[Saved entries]
::::::::
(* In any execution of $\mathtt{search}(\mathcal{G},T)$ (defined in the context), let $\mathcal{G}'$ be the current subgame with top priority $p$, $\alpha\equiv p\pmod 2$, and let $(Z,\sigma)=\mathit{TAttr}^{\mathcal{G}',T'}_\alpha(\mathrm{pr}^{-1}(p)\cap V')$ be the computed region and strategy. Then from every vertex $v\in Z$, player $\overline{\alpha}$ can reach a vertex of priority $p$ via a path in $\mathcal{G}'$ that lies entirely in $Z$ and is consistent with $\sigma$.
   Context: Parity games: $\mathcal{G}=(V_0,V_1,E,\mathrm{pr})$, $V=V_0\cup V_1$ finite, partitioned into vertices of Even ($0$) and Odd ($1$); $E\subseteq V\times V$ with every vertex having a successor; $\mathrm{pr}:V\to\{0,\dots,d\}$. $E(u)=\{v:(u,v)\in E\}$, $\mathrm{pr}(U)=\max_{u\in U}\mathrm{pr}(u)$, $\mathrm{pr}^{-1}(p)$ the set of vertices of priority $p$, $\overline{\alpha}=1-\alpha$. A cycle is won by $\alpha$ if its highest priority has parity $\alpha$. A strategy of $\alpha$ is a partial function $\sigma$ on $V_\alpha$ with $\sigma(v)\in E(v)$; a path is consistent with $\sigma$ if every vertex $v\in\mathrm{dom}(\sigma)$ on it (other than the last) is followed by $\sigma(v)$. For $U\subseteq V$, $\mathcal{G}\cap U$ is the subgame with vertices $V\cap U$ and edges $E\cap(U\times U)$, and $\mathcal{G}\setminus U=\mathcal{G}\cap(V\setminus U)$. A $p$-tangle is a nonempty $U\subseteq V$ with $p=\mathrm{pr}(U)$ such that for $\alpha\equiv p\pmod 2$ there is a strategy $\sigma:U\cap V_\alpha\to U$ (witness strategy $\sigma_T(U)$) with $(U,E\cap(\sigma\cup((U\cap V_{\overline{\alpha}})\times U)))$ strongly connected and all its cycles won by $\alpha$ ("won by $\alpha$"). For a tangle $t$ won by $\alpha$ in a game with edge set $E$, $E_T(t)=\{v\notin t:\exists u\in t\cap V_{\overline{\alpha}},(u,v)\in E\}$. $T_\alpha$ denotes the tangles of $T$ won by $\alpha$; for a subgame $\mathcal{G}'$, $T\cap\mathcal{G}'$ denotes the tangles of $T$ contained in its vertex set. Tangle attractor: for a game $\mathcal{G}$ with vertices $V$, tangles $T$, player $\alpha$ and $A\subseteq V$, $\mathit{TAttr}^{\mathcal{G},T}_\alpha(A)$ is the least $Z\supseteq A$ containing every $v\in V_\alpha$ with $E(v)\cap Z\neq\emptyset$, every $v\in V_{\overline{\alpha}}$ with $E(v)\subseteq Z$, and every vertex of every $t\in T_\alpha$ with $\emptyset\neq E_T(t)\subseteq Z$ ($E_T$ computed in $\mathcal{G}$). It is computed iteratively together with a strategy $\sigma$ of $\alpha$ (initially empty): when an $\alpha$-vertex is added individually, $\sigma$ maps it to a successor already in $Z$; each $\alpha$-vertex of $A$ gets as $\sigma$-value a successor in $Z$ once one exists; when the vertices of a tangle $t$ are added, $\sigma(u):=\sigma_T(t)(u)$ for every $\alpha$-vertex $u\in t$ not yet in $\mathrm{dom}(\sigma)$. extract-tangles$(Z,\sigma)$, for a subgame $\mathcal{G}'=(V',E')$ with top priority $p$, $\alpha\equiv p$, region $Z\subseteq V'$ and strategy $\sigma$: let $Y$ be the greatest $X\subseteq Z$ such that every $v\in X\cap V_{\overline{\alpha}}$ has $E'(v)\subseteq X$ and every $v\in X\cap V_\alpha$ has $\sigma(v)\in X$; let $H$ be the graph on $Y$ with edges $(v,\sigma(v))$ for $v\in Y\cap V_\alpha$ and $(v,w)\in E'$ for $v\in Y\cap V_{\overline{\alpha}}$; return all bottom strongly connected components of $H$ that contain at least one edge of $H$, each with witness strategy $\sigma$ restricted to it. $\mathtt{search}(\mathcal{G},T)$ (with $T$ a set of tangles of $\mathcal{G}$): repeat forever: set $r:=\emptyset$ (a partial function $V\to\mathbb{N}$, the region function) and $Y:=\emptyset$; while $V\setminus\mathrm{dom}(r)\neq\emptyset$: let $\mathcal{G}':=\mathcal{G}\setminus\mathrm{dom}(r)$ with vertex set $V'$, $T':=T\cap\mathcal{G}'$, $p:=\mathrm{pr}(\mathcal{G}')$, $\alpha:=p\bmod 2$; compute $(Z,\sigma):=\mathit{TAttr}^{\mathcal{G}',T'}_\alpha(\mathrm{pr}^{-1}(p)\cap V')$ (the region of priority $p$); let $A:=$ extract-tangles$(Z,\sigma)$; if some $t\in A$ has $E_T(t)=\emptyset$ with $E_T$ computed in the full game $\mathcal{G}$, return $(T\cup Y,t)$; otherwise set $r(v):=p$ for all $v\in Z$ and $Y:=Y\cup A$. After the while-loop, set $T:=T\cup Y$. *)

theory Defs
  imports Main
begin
::::::::
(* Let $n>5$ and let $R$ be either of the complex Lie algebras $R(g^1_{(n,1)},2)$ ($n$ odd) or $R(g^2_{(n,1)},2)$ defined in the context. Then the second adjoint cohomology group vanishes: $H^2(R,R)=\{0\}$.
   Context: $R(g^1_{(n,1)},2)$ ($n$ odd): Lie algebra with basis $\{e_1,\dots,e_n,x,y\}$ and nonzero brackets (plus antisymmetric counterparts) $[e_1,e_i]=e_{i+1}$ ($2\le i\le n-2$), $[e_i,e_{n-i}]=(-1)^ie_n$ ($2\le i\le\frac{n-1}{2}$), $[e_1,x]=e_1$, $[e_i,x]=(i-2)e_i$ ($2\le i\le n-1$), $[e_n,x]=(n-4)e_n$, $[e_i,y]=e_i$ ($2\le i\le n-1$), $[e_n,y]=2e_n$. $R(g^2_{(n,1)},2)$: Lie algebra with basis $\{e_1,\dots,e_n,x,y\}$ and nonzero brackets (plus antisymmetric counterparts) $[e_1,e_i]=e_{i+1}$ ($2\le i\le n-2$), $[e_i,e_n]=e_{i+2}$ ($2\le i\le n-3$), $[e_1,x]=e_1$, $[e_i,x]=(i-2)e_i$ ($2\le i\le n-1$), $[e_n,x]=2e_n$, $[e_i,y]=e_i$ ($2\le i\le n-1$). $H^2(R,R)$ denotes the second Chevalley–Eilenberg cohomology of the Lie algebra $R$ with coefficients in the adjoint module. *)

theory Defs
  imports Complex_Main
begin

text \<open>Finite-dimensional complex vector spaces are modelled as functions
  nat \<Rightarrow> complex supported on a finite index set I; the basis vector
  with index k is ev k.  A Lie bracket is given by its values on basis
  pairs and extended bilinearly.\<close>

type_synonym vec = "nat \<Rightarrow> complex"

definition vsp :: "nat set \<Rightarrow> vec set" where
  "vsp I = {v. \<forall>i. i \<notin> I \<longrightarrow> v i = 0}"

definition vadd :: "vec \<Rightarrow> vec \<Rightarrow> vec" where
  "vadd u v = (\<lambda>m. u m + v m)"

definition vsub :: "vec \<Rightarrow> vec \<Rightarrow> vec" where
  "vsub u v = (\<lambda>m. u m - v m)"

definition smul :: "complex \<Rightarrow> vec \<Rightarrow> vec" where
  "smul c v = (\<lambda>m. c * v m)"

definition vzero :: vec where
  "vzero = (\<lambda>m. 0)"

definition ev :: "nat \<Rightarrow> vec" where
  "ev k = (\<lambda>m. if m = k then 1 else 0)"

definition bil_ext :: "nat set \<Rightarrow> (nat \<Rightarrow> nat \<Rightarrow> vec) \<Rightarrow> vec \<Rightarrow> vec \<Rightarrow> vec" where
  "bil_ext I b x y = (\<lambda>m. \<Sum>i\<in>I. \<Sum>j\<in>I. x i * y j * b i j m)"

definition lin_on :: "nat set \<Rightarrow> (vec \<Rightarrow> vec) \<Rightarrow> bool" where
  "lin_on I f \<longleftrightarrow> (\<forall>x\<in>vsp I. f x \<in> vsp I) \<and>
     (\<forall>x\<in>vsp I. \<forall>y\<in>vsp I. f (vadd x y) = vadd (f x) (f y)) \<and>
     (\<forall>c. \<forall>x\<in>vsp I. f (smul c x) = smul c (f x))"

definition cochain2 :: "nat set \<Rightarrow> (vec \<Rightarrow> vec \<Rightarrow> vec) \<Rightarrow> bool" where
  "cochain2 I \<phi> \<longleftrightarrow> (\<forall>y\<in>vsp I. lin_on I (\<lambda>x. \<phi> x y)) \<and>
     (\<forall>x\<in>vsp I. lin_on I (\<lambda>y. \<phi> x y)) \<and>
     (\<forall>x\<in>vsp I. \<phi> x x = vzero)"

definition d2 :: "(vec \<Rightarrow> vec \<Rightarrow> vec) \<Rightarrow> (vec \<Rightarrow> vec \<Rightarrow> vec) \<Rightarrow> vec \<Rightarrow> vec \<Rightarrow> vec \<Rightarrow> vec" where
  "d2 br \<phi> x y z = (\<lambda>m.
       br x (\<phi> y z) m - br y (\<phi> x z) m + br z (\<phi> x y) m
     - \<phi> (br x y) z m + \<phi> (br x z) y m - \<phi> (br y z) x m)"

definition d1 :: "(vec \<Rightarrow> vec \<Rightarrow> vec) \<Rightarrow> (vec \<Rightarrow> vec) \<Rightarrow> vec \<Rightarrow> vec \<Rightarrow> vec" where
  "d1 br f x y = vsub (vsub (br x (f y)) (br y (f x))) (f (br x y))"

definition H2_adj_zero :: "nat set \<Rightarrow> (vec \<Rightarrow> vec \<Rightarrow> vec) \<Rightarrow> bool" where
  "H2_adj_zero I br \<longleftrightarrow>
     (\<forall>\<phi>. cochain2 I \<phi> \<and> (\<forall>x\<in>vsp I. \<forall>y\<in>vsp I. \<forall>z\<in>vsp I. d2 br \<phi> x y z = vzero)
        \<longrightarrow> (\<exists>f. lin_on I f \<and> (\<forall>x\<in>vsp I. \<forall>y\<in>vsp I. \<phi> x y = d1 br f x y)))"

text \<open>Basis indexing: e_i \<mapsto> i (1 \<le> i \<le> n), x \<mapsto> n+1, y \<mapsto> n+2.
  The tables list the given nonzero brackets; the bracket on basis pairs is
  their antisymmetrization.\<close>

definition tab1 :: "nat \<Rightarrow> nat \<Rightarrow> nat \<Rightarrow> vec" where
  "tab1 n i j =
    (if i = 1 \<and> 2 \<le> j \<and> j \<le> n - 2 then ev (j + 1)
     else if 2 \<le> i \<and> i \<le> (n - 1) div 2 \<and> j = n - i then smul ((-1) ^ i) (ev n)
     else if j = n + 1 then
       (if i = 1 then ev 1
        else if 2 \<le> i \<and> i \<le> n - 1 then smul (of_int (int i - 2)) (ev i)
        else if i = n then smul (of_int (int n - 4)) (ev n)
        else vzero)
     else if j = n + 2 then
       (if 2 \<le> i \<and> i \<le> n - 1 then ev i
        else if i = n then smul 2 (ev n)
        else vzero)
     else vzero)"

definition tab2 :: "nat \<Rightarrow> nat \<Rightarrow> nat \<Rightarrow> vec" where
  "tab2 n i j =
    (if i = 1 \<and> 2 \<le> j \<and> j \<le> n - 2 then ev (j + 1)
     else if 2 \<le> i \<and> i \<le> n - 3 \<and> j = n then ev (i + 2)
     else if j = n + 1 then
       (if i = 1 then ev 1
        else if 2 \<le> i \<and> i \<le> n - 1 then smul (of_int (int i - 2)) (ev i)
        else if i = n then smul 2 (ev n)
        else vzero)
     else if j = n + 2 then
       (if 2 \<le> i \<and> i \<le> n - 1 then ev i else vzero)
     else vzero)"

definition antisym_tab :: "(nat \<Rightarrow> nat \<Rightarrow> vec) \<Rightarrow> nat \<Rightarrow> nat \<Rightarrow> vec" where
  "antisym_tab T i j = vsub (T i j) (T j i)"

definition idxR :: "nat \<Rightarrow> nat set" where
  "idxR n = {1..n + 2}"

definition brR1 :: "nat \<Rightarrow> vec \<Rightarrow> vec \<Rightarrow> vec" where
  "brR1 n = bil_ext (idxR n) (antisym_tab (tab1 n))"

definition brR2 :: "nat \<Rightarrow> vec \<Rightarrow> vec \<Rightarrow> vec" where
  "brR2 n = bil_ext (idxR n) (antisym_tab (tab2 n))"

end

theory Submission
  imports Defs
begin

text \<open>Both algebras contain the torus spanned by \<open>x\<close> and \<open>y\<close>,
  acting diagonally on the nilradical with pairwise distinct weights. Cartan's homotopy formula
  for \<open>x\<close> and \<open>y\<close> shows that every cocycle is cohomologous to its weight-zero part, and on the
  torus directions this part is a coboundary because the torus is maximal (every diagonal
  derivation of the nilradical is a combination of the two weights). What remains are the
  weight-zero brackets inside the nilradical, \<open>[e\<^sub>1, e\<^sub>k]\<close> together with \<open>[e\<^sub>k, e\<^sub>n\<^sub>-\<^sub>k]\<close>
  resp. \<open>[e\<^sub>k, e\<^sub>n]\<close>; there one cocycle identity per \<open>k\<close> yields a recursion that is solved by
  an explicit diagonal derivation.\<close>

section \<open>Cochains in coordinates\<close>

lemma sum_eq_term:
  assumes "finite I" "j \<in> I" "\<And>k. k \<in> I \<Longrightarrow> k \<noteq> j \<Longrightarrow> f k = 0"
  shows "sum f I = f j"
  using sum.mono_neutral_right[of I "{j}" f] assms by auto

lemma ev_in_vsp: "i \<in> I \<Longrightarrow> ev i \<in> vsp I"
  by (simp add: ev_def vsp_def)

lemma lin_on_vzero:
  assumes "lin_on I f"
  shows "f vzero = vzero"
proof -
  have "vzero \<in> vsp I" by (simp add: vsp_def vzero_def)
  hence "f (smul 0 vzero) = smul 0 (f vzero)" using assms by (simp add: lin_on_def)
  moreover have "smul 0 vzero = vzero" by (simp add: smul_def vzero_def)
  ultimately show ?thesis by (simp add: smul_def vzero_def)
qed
::::::::
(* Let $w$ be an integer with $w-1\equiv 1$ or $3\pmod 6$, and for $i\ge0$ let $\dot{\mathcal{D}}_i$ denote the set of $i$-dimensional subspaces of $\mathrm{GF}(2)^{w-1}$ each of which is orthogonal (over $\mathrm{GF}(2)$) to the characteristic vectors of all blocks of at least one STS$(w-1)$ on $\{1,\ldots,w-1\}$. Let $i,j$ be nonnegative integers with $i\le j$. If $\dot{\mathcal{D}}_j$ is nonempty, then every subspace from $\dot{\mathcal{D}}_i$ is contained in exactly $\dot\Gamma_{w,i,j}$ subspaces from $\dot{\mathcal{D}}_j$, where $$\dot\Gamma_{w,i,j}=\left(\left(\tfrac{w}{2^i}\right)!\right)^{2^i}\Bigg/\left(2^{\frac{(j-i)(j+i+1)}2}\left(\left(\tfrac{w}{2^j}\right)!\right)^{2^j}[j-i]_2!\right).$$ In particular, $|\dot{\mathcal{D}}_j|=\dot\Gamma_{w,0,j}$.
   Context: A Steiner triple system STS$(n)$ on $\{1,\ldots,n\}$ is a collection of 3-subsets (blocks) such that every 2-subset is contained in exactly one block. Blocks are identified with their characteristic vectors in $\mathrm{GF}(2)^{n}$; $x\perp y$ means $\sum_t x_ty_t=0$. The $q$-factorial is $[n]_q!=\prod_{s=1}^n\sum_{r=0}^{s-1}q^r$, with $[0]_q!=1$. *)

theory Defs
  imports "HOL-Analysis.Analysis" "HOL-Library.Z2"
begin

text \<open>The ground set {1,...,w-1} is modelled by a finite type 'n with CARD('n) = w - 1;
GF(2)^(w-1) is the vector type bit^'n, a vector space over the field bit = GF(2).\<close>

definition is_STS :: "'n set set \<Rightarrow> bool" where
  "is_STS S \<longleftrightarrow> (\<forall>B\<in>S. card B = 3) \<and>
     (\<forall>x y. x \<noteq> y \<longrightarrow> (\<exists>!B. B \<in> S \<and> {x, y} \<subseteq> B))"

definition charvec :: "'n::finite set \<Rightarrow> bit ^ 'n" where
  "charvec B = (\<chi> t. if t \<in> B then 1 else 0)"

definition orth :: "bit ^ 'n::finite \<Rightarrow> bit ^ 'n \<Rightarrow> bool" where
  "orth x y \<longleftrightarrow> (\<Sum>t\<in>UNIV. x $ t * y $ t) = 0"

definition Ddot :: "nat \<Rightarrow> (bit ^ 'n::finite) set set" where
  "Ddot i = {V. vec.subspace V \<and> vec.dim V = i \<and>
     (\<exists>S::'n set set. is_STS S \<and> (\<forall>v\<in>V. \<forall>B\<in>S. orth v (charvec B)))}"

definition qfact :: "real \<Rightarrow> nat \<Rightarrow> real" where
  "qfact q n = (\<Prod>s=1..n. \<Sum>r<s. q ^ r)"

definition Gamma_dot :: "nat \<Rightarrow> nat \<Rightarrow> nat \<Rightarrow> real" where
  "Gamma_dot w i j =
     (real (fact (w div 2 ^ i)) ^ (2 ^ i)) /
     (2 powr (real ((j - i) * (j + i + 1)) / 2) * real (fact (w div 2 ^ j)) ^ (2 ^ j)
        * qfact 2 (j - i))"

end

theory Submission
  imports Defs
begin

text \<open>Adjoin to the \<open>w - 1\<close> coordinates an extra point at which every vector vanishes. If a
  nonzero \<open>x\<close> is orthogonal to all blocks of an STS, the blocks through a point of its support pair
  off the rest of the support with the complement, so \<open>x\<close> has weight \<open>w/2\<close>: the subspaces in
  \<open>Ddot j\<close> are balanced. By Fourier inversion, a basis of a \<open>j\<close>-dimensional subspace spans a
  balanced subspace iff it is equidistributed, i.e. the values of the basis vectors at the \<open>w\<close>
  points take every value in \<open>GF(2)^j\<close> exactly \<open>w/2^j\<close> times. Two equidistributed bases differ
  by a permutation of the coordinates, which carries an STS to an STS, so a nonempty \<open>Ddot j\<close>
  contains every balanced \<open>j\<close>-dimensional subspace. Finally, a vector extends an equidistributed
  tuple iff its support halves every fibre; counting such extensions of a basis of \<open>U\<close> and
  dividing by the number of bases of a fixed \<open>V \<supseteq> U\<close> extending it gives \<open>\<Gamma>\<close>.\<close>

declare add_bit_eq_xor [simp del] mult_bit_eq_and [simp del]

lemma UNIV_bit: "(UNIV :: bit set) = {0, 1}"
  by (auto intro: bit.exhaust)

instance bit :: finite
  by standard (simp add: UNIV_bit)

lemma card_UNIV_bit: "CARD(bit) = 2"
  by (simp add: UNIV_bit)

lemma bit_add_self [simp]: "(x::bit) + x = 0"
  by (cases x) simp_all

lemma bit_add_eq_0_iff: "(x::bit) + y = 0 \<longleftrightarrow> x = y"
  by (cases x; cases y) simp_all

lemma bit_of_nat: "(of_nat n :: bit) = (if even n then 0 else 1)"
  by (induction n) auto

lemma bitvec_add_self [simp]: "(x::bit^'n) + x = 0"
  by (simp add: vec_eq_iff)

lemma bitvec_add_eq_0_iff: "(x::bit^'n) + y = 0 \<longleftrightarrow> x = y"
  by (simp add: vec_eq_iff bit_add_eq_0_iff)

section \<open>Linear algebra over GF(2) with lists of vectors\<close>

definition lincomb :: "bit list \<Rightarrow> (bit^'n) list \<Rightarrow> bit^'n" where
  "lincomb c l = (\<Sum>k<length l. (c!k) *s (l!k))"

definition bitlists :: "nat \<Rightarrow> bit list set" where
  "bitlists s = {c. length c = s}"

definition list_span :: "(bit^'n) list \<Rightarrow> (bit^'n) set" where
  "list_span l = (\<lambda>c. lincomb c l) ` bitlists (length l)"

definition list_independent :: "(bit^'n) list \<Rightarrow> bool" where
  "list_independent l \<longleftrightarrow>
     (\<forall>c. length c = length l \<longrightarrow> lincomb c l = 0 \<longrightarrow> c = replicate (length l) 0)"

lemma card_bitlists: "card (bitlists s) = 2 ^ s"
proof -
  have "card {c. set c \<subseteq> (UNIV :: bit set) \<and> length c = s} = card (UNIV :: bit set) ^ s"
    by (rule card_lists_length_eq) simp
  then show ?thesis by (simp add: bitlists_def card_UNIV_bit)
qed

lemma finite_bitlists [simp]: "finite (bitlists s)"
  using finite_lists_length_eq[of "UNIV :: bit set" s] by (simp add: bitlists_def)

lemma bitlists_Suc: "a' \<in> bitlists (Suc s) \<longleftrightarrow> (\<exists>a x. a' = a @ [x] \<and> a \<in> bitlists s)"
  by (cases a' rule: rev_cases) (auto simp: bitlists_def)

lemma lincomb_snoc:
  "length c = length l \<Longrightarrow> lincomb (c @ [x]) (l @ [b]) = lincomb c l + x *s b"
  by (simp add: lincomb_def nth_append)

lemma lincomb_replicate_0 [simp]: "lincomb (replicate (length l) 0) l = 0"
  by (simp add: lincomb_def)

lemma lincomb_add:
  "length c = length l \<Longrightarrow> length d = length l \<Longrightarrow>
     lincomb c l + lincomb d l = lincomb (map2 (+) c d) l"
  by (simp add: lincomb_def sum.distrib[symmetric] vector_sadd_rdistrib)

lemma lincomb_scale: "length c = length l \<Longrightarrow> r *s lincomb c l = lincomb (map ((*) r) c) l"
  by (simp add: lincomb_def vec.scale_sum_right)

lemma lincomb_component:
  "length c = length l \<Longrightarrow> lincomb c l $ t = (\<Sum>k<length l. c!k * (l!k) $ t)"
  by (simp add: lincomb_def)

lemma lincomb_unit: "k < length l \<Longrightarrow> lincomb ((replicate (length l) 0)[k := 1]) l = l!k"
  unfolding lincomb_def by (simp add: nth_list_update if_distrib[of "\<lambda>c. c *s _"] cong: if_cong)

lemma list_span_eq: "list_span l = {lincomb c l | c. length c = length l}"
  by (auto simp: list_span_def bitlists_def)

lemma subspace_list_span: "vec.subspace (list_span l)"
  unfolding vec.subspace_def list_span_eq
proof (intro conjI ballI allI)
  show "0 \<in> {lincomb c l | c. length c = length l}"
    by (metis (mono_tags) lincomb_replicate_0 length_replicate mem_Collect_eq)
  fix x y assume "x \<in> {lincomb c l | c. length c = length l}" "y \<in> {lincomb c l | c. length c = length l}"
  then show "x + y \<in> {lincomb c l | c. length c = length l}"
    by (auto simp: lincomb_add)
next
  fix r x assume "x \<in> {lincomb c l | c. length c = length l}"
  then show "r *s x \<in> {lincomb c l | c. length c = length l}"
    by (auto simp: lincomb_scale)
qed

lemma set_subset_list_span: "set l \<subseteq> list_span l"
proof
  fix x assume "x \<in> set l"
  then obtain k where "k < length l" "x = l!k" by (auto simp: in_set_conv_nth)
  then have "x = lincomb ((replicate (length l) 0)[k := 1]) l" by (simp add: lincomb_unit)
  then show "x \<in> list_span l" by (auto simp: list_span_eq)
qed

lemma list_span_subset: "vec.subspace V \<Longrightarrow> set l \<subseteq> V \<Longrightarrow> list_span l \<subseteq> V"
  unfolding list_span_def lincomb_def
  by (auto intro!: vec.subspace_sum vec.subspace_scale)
::::::::
— Task brief —
Look above for the line holding "bitlists (Suc s)", then set down exactly that line and every line after it up to and including the line holding "unfolding lincomb_def by", with nothing else.

— Written reply —
lemma bitlists_Suc: "a' \<in> bitlists (Suc s) \<longleftrightarrow> (\<exists>a x. a' = a @ [x] \<and> a \<in> bitlists s)"
  by (cases a' rule: rev_cases) (auto simp: bitlists_def)

lemma lincomb_snoc:
  "length c = length l \<Longrightarrow> lincomb (c @ [x]) (l @ [b]) = lincomb c l + x *s b"
  by (simp add: lincomb_def nth_append)

lemma lincomb_replicate_0 [simp]: "lincomb (replicate (length l) 0) l = 0"
  by (simp add: lincomb_def)

lemma lincomb_add:
  "length c = length l \<Longrightarrow> length d = length l \<Longrightarrow>
     lincomb c l + lincomb d l = lincomb (map2 (+) c d) l"
  by (simp add: lincomb_def sum.distrib[symmetric] vector_sadd_rdistrib)

lemma lincomb_scale: "length c = length l \<Longrightarrow> r *s lincomb c l = lincomb (map ((*) r) c) l"
  by (simp add: lincomb_def vec.scale_sum_right)

lemma lincomb_component:
  "length c = length l \<Longrightarrow> lincomb c l $ t = (\<Sum>k<length l. c!k * (l!k) $ t)"
  by (simp add: lincomb_def)

lemma lincomb_unit: "k < length l \<Longrightarrow> lincomb ((replicate (length l) 0)[k := 1]) l = l!k"
  unfolding lincomb_def by (simp add: nth_list_update if_distrib[of "\<lambda>c. c *s _"] cong: if_cong)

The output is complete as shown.